Chicago Is Building an AIDS Garden On the Lakefront Where Queer Community Once Flourished

· Updated on October 30, 2018

It started in the days of blacked out bar windows, down by the lakefront, the sun burning through the afternoon. It was a place you could kiss in the daylight, where Lake Michigan met the skyline.

“It became a symbol of our right to be here, a right to exist, a right to gather,” remembers Chicago author and historian Owen Keehnen. “It was a huge step forward for gay liberation. I see how important the community building was that went on there, whether it was partying or group meetings or picnics or hookups or anything else you want to name. It really became a focal point for our community.”

From the 1970s to the 90s, queer Chicago got drunk, found love, mourned its dead and celebrated weddings it couldn’t legally hold at the Belmont Rocks, a stretch of limestone beachfront off the city’s gay neighborhood.

Little remains of the graffitied patchwork that hints at its storied past. But next year, that will change.

In early 2019, the city will break ground on AIDS Garden Chicago, a park that celebrates the historic site and honors a generation decimated by the virus.

The project is a longtime dream of the city’s first openly gay Alderman, Tom Tunney, who spent 13 years trying to get it funded during the recession.

“Those plans were laid on a bookshelf for a number of years,” said Tunney. “About 18 months ago, I said look, if we don’t do this and follow through on this, I don’t think the younger generation will do this.”

The younger generation likely never saw the rocks, painted with remembrances for the dead and rainbow stripes for the living. For 30 years, the Belmont Rocks hosted rallies, late-night hookups, Saturday picnics and parties. For decades the city’s annual Black Pride event was held there.

When the AIDS epidemic began to consume Chicago’s queer community, people painted messages of mourning on the rocks.

Tunney, who owns Chicago’s Ann Sather restaurants, watched AIDS decimate his community. In 1985, he moved the restaurant’s Lakeview location into a former funeral home. The eatery served as a kind of ground zero for community activism and memorializing as the virus ravaged the community.

“People have short memories, maybe,” said Tunney. “I don’t. It was devastating for the community. There were one or two individuals that I knew from the community dying every week.”

The AIDS crisis changed the rocks from a lively open-air spectacle to a marker of time, a physical homage to the many queer people who vanished during that time.

“It turned this carefree life into something different,” recalled Keehnen. “That’s a huge loss, and an AIDS garden would be a huge step in healing that.”

In 2003, the rocks were bulldozed by the Army Corps of Engineers for a project to prevent erosion. A handful of the graffitied blocks were salvaged, but the current lakefront stands in stark contrast to its colorful past.

Last year, Keehnen revisited the site and was rattled by how vacant and nondescript it was.

“What I saw was the disappearance of that part of our history,” said Keehnen.

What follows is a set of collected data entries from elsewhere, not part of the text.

lemma rational_copies_lepoll:
  assumes "infinite (UNIV :: 'w set)"
  shows "rational_copies (x :: 'w \<Rightarrow> real) \<lesssim> (UNIV :: 'w set)"
proof -
  have "rational_copies x \<subseteq> (\<lambda>(i, w). affine_copy i (x w)) ` (rat_intervals \<times> UNIV)"
    by (auto simp: rational_copies_def)
  then have "rational_copies x \<lesssim> rat_intervals \<times> (UNIV :: 'w set)"
    by (rule subset_image_lepoll)
  also have "\<dots> \<lesssim> (UNIV :: 'w set)"
    using assms by (intro countable_times_lepoll) auto
  finally show ?thesis .
qed

lemma lepoll_interval_Int_rational_copies:
  fixes x :: "'w \<Rightarrow> real"
  assumes "inj x" "range x \<subseteq> {0..3}" "a < b"
  shows "(UNIV :: 'w set) \<lesssim> {a<..<b} \<inter> rational_copies x"
proof -
  obtain p where p: "a < of_rat p" "of_rat p < b"
    using of_rat_dense[OF assms(3)] by blast
  obtain q where q: "of_rat p < (of_rat q :: real)" "of_rat q < b"
    using of_rat_dense[OF p(2)] by blast
  have i: "(p, q) \<in> rat_intervals"
    using q(1) by (simp add: rat_intervals_def of_rat_less)
  have "affine_copy (p, q) (x w) \<in> {a<..<b} \<inter> rational_copies x" for w
    using affine_copy_bounds[OF i, of "x w"] assms(2) p q i
    by (force simp: rational_copies_def)
  moreover have "inj (affine_copy (p, q) \<circ> x)"
    using inj_affine_copy[OF i] assms(1) by (rule inj_compose)
  ultimately show ?thesis
    unfolding lepoll_def by (intro exI[of _ "affine_copy (p, q) \<circ> x"]) auto
qed

lemma omega1_dense_rational_copies:
  fixes W :: "'w itself" and x :: "'w \<Rightarrow> real"
  assumes "infinite (UNIV :: 'w set)" "inj x" "range x \<subseteq> {0..3}"
  shows "omega1_dense W (rational_copies x)"
  unfolding omega1_dense_def
proof (intro allI impI)
  fix a b :: real
  assume "a < b"
  have "{a<..<b} \<inter> rational_copies x \<lesssim> (UNIV :: 'w set)"
    using rational_copies_lepoll[OF assms(1)] by (meson inf_le2 lepoll_trans subset_imp_lepoll)
  then show "{a<..<b} \<inter> rational_copies x \<approx> (UNIV :: 'w set)"
    using lepoll_interval_Int_rational_copies[OF assms(2,3) \<open>a < b\<close>] by (rule lepoll_antisym)
qed

lemma omega1_dense_uminus:
  assumes "omega1_dense W A"
  shows "omega1_dense W (uminus ` A)"
  unfolding omega1_dense_def
proof (intro allI impI)
  fix a b :: real
  assume "a < b"
  have "{a<..<b} \<inter> uminus ` A = uminus ` ({-b<..<-a} \<inter> A)"
    by force
  also have "\<dots> \<approx> {-b<..<-a} \<inter> A"
    by (rule inj_on_image_eqpoll_self) (simp add: inj_on_def)
  also have "\<dots> \<approx> (UNIV :: 'a set)"
    using assms \<open>a < b\<close> unfolding omega1_dense_def by simp
  finally show "{a<..<b} \<inter> uminus ` A \<approx> (UNIV :: 'a set)" .
qed

lemma rational_copies_reversal:
  fixes x :: "'a \<Rightarrow> real"
  assumes "uncountable (UNIV :: 'a set)"
    and maps: "\<And>s. s \<in> rational_copies x \<Longrightarrow> g s \<in> rational_copies x"
    and reverses: "\<And>s t. s \<in> rational_copies x \<Longrightarrow> t \<in> rational_copies x \<Longrightarrow> s < t \<Longrightarrow> g t < g s"
  obtains D H where "uncountable D" "\<And>a a'. a \<in> D \<Longrightarrow> a' \<in> D \<Longrightarrow> x a < x a' \<Longrightarrow> x (H a') < x (H a)"
proof -
  define i0 where "i0 = ((0::rat), (1::rat))"
  have i0: "i0 \<in> rat_intervals"
    by (simp add: i0_def rat_intervals_def)
  then have copy: "affine_copy i0 (x a) \<in> rational_copies x" for a
    by (auto simp: rational_copies_def)
  have "\<exists>j b. j \<in> rat_intervals \<and> g (affine_copy i0 (x a)) = affine_copy j (x b)" for a
    using maps[OF copy] unfolding rational_copies_def by blast
  then obtain J H where JH: "\<And>a. J a \<in> rat_intervals" "\<And>a. g (affine_copy i0 (x a)) = affine_copy (J a) (x (H a))"
    by metis
  have "\<exists>j\<in>rat_intervals. uncountable {a. J a = j}"
  proof (rule ccontr)
    assume "\<not> ?thesis"
    then have "countable (\<Union>j\<in>rat_intervals. {a. J a = j})"
      by (intro countable_UN) auto
    moreover have "(\<Union>j\<in>rat_intervals. {a. J a = j}) = UNIV"
      using JH(1) by auto
    ultimately show False
      using assms(1) by simp
  qed
  then obtain j where j: "j \<in> rat_intervals" "uncountable {a. J a = j}"
    by blast
  have "x (H a') < x (H a)" if "a \<in> {a. J a = j}" "a' \<in> {a. J a = j}" "x a < x a'" for a a'
  proof -
    have "g (affine_copy i0 (x a')) < g (affine_copy i0 (x a))"
      using reverses[OF copy copy] affine_copy_less_iff[OF i0] that(3) by blast
    then show ?thesis
      using JH(2) that(1,2) affine_copy_less_iff[OF j(1)] by simp
  qed
  with j(2) show ?thesis
    using that by blast
qed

Over the last year, Keehnen has gathered stories about the Rocks on a Facebook page, A Place for Us: LGBTQ Life at the Belmont Rocks. He plans to publish those memories in an upcoming anthology.

But the building of a physical AIDS garden that memorializes the rocks and the vibrant history the virus stole is a triumph so big that Keehnen is afraid to talk about it for fear of jeopardizing its success.

The $1 million project will stretch over 2.5 acres between Belmont and Diversey Harbors. The garden has the blessing of the City and funding from the Chicago Parks Foundation. Last week, to much fanfare, the City announced that the Keith Haring Foundation had donated a sculpture by the renowned late artist.

“Keith Haring’s Self-Portrait finds its rightful home at AIDS Garden Chicago, where it will serve as a point of reflection and a place of discussion for all Chicagoans,” said Mayor Rahm Emanuel in a statement. “This sculpture is one of the many ways we are bringing the conversation around AIDS to the forefront to ensure that Chicagoans are better able to live long, healthy, well-rounded lives.”

For Keehnen, whose dreams of honoring the Belmont Rocks started with a simple scrapbook, the AIDS Garden is more than just a wistful nod back. It’s the chance to give young people a sense of belonging to this community that lived and died and partied by the lake before that was sanctioned.

“My whole goal in doing LGBTQ history for the most part has just been to help preserve the things that don’t make headlines,” said Keehnen. “The things that defined day-to-day life, maybe more than the huge occurrences. But in a lot of ways they’re more what life’s about, you know?”